* WHAT THE EXERCISE ASKS
Your answer should be the exact lines of the data below from the one containing "proof (rule metric_CauchyI)" through the one containing "using convexD[OF \<open>convex"; please include nothing else.

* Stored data
(* Let $\mathbb X,\mathbb H,\mathbb Y$ be separable real Hilbert spaces, $\mathbf W\colon\mathbb X\to\mathbb H$ and $\mathbf A\colon\mathbb H\to\mathbb Y$ bounded linear operators, $\mathcal R\colon\mathbb X\to[0,\infty]$ proper, convex and weakly lower semicontinuous, $(\phi_\lambda)_{\lambda\in\Lambda}$ an orthonormal basis of $\mathbb H$ indexed by a countable set $\Lambda$, and $(\kappa_\lambda)_{\lambda\in\Lambda}$ weights with $\kappa_\lambda\ge a$ for all $\lambda$, for some $a>0$. Assume there is $x\in\mathbb X$ with $\mathcal R(x)+\|\mathbf W x\|_{1,\kappa}<\infty$. Suppose $(x_\star,h_\star,y_\star)\in\mathbb X\times\mathbb H\times\mathbb Y$ satisfies the following: (1.1) $\mathbf W x_\star=h_\star$ and $\mathbf A h_\star=y_\star$; (1.2) there is $u\in\mathbb H$ with $\mathbf W^*u\in\partial\mathcal R(x_\star)$; (1.3) there is $v\in\mathbb Y$ with $\eta:=\mathbf A^*v-u\in\partial\|\cdot\|_{1,\kappa}(h_\star)$; (1.4) the restriction $\mathbf A_{\Omega[\eta]}\colon\mathbb H_{\Omega[\eta]}\to\mathbb Y$ is injective. Let $C>0$. Then for every $\delta>0$, every $y^\delta\in\mathbb Y$ with $\|y^\delta-y_\star\|\le\delta$, $\alpha=C\delta$, and every minimizer $(x_\alpha^\delta,h_\alpha^\delta)$ of $$\mathcal B_{\alpha,y^\delta}(x,h)=\tfrac12\|\mathbf W x-h\|^2+\tfrac12\|\mathbf A h-y^\delta\|^2+\alpha\big(\mathcal R(x)+\|h\|_{1,\kappa}\big)$$ over $\mathbb X\times\mathbb H$, we have $$\mathcal D^{\mathcal R}_{\mathbf W^*u}(x_\alpha^\delta,x_\star)\le c_{(u,v)}\,\delta,\qquad \|h_\alpha^\delta-h_\star\|\le d_{(u,v)}\,\delta,$$ where $\|(u,v)\|=(\|u\|^2+\|v\|^2)^{1/2}$, $$c_{(u,v)}=\frac{(1+C\|(u,v)\|)^2}{2C},\qquad d_{(u,v)}=2\|\mathbf A_{\Omega[\eta]}^{-1}\|\,(1+C\|(u,v)\|)+\frac{1+\|\mathbf A_{\Omega[\eta]}^{-1}\|\,\|\mathbf A\|}{m[\eta]}\,c_{(u,v)}.$$
   Context: Weighted $\ell^1$ norm: $\|h\|_{1,\kappa}=\sum_{\lambda\in\Lambda}\kappa_\lambda|\langle\phi_\lambda,h\rangle|\in[0,\infty]$ for $h\in\mathbb H$. Subdifferential: $\xi\in\partial\mathcal F(z_\star)$ iff $\mathcal F(z)\ge\mathcal F(z_\star)+\langle\xi,z-z_\star\rangle$ for all $z$. Bregman distance: for $\xi\in\partial\mathcal F(z_\star)$, $\mathcal D^{\mathcal F}_\xi(z,z_\star)=\mathcal F(z)-\mathcal F(z_\star)-\langle\xi,z-z_\star\rangle$. For $\eta=\sum_\lambda\eta_\lambda\phi_\lambda\in\partial\|\cdot\|_{1,\kappa}(h_\star)$ (which forces $|\eta_\lambda|\le\kappa_\lambda$ for all $\lambda$), set $\Omega[\eta]=\{\lambda\in\Lambda: |\eta_\lambda|=\kappa_\lambda\}$ (a finite set) and $m[\eta]=\min\{\kappa_\lambda-|\eta_\lambda|:\lambda\notin\Omega[\eta]\}>0$ (with the term involving $1/m[\eta]$ read as $0$ if $\Lambda=\Omega[\eta]$). For finite $\Omega\subseteq\Lambda$: $\mathbb H_\Omega=\operatorname{span}\{\phi_\lambda:\lambda\in\Omega\}$, $\mathbf A_\Omega=\mathbf A|_{\mathbb H_\Omega}\colon\mathbb H_\Omega\to\mathbb Y$, and when $\mathbf A_\Omega$ is injective, $\|\mathbf A_\Omega^{-1}\|$ is the operator norm of its inverse $\operatorname{ran}(\mathbf A_\Omega)\to\mathbb H_\Omega$. *)

theory Defs
  imports "HOL-Analysis.Analysis"
begin

definition weakly_conv :: "(nat \<Rightarrow> 'a::real_inner) \<Rightarrow> 'a \<Rightarrow> bool" where
  "weakly_conv xs x \<longleftrightarrow> (\<forall>z. (\<lambda>n. inner (xs n) z) \<longlonglongrightarrow> inner x z)"

definition proper_fun :: "('a \<Rightarrow> ennreal) \<Rightarrow> bool" where
  "proper_fun R \<longleftrightarrow> (\<exists>x. R x < \<infinity>)"

definition convex_fun :: "('a::real_vector \<Rightarrow> ennreal) \<Rightarrow> bool" where
  "convex_fun R \<longleftrightarrow> (\<forall>x y t. 0 \<le> t \<and> t \<le> 1 \<longrightarrow>
      R (t *\<^sub>R x + (1 - t) *\<^sub>R y) \<le> ennreal t * R x + ennreal (1 - t) * R y)"

definition weakly_lsc :: "('a::real_inner \<Rightarrow> ennreal) \<Rightarrow> bool" where
  "weakly_lsc R \<longleftrightarrow> (\<forall>xs x. weakly_conv xs x \<longrightarrow> R x \<le> liminf (\<lambda>n. R (xs n)))"

definition orthonormal_basis :: "'l set \<Rightarrow> ('l \<Rightarrow> 'a::real_inner) \<Rightarrow> bool" where
  "orthonormal_basis \<Lambda> \<phi> \<longleftrightarrow>
     (\<forall>i\<in>\<Lambda>. \<forall>j\<in>\<Lambda>. inner (\<phi> i) (\<phi> j) = (if i = j then 1 else 0)) \<and>
     (\<forall>h. (\<forall>i\<in>\<Lambda>. inner (\<phi> i) h = 0) \<longrightarrow> h = 0)"

definition wl1 :: "'l set \<Rightarrow> ('l \<Rightarrow> 'a::real_inner) \<Rightarrow> ('l \<Rightarrow> real) \<Rightarrow> 'a \<Rightarrow> ennreal" where
  "wl1 \<Lambda> \<phi> \<kappa> h = (\<Sum>\<^sub>\<infinity>l\<in>\<Lambda>. ennreal (\<kappa> l * \<bar>inner (\<phi> l) h\<bar>))"

definition subdiff :: "('a::real_inner \<Rightarrow> ereal) \<Rightarrow> 'a \<Rightarrow> 'a set" where
  "subdiff F z0 = {\<xi>. \<forall>z. F z \<ge> F z0 + ereal (inner \<xi> (z - z0))}"

definition bregman :: "('a::real_inner \<Rightarrow> ereal) \<Rightarrow> 'a \<Rightarrow> 'a \<Rightarrow> 'a \<Rightarrow> ereal" where
  "bregman F \<xi> z z0 = F z - F z0 - ereal (inner \<xi> (z - z0))"

definition Omega :: "'l set \<Rightarrow> ('l \<Rightarrow> 'a::real_inner) \<Rightarrow> ('l \<Rightarrow> real) \<Rightarrow> 'a \<Rightarrow> 'l set" where
  "Omega \<Lambda> \<phi> \<kappa> \<eta> = {l\<in>\<Lambda>. \<bar>inner (\<phi> l) \<eta>\<bar> = \<kappa> l}"

definition mgap :: "'l set \<Rightarrow> ('l \<Rightarrow> 'a::real_inner) \<Rightarrow> ('l \<Rightarrow> real) \<Rightarrow> 'a \<Rightarrow> real" where
  "mgap \<Lambda> \<phi> \<kappa> \<eta> = Inf ((\<lambda>l. \<kappa> l - \<bar>inner (\<phi> l) \<eta>\<bar>) ` (\<Lambda> - Omega \<Lambda> \<phi> \<kappa> \<eta>))"

definition HOmega :: "('l \<Rightarrow> 'a::real_inner) \<Rightarrow> 'l set \<Rightarrow> 'a set" where
  "HOmega \<phi> \<Omega> = span (\<phi> ` \<Omega>)"

text \<open>Operator norm of the inverse of A restricted to a subspace S (A injective on S),
  as a map ran(A|S) \<rightarrow> S: sup of norm h over h in S with norm (A h) \<le> 1.\<close>
definition inv_opnorm :: "('a::real_normed_vector \<Rightarrow> 'b::real_normed_vector) \<Rightarrow> 'a set \<Rightarrow> real" where
  "inv_opnorm A S = Sup {norm h | h. h \<in> S \<and> norm (A h) \<le> 1}"

end

theory Submission
  imports Defs
begin

(*
  Comparing the Tikhonov minimiser (xa, ha) with (xs, hs) and inserting the source conditions
  adjoint W u in dR(xs) and eta = adjoint A v - u in d||.||_{1,kappa}(hs) turns the minimality
  inequality into a sum of squares plus alpha times the two Bregman distances.  Completing the
  squares bounds both distances by (delta + alpha ||(u,v)||)^2 / (2 alpha) = c delta, and the
  residual ||A (ha - hs)|| by 2 (delta + alpha ||(u,v)||).
  Since |eta_l| = kappa_l only on the finite set Omega[eta], the l1 Bregman distance dominates
  m[eta] times the l1 mass of ha - hs outside Omega[eta]; on the finite-dimensional span over
  Omega[eta] the injective A has a bounded inverse, which controls the rest of ha - hs by the
  residual.
*)

section \<open>Riesz representation and adjoints\<close>

lemma convex_minimizing_seq_Cauchy:
  fixes x :: "nat \<Rightarrow> 'a::real_inner"
  assumes "convex S" and x_in: "\<And>n. x n \<in> S" and lower: "\<And>y. y \<in> S \<Longrightarrow> d \<le> norm y"
    and lim: "(\<lambda>n. norm (x n)) \<longlonglongrightarrow> d"
  shows "Cauchy x"
proof (rule metric_CauchyI)
  fix e :: real assume "e > 0"
  have "d \<ge> 0" using lim by (rule LIMSEQ_le_const) simp
  have "(\<lambda>n. (norm (x n))\<^sup>2 - d\<^sup>2) \<longlonglongrightarrow> d\<^sup>2 - d\<^sup>2"
    by (intro tendsto_intros lim)
  moreover have "e\<^sup>2 / 4 > 0" using \<open>e > 0\<close> by simp
  ultimately obtain N where N0: "\<forall>n\<ge>N. norm ((norm (x n))\<^sup>2 - d\<^sup>2 - (d\<^sup>2 - d\<^sup>2)) < e\<^sup>2 / 4"
    by (blast dest: LIMSEQ_D)
  have N: "(norm (x n))\<^sup>2 - d\<^sup>2 < e\<^sup>2 / 4" if "n \<ge> N" for n
  proof -
    have "norm ((norm (x n))\<^sup>2 - d\<^sup>2 - (d\<^sup>2 - d\<^sup>2)) < e\<^sup>2 / 4" using N0 that by blast
    then show ?thesis by (simp only: diff_self diff_zero real_norm_def abs_less_iff)
  qed
  show "\<exists>N. \<forall>m\<ge>N. \<forall>n\<ge>N. dist (x m) (x n) < e"
  proof (intro exI allI impI)
    fix m n assume "N \<le> m" "N \<le> n"
    have "(1/2) *\<^sub>R (x m + x n) \<in> S"
      using convexD[OF \<open>convex S\<close> x_in x_in, of "1/2" "1/2"] by (simp add: scaleR_add_right)
    then have "2 * d \<le> norm (x m + x n)" using lower[of "(1/2) *\<^sub>R (x m + x n)"] by simp
    then have "(2 * d)\<^sup>2 \<le> (norm (x m + x n))\<^sup>2" using \<open>d \<ge> 0\<close> by (intro power_mono) auto
    moreover have "(norm (x m - x n))\<^sup>2 + (norm (x m + x n))\<^sup>2 = 2 * (norm (x m))\<^sup>2 + 2 * (norm (x n))\<^sup>2"
      by (simp add: power2_norm_eq_inner inner_diff inner_add inner_commute)
    moreover have "(2 * d)\<^sup>2 = 4 * d\<^sup>2" by simp
    ultimately have "(norm (x m - x n))\<^sup>2 < e\<^sup>2"
      using N[OF \<open>N \<le> m\<close>] N[OF \<open>N \<le> n\<close>] by linarith
    then show "dist (x m) (x n) < e"
      using \<open>e > 0\<close> by (simp add: dist_norm power_less_imp_less_base)
  qed
qed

* SOLUTION TO THIS EXERCISE
proof (rule metric_CauchyI)
  fix e :: real assume "e > 0"
  have "d \<ge> 0" using lim by (rule LIMSEQ_le_const) simp
  have "(\<lambda>n. (norm (x n))\<^sup>2 - d\<^sup>2) \<longlonglongrightarrow> d\<^sup>2 - d\<^sup>2"
    by (intro tendsto_intros lim)
  moreover have "e\<^sup>2 / 4 > 0" using \<open>e > 0\<close> by simp
  ultimately obtain N where N0: "\<forall>n\<ge>N. norm ((norm (x n))\<^sup>2 - d\<^sup>2 - (d\<^sup>2 - d\<^sup>2)) < e\<^sup>2 / 4"
    by (blast dest: LIMSEQ_D)
  have N: "(norm (x n))\<^sup>2 - d\<^sup>2 < e\<^sup>2 / 4" if "n \<ge> N" for n
  proof -
    have "norm ((norm (x n))\<^sup>2 - d\<^sup>2 - (d\<^sup>2 - d\<^sup>2)) < e\<^sup>2 / 4" using N0 that by blast
    then show ?thesis by (simp only: diff_self diff_zero real_norm_def abs_less_iff)
  qed
  show "\<exists>N. \<forall>m\<ge>N. \<forall>n\<ge>N. dist (x m) (x n) < e"
  proof (intro exI allI impI)
    fix m n assume "N \<le> m" "N \<le> n"
    have "(1/2) *\<^sub>R (x m + x n) \<in> S"
      using convexD[OF \<open>convex S\<close> x_in x_in, of "1/2" "1/2"] by (simp add: scaleR_add_right)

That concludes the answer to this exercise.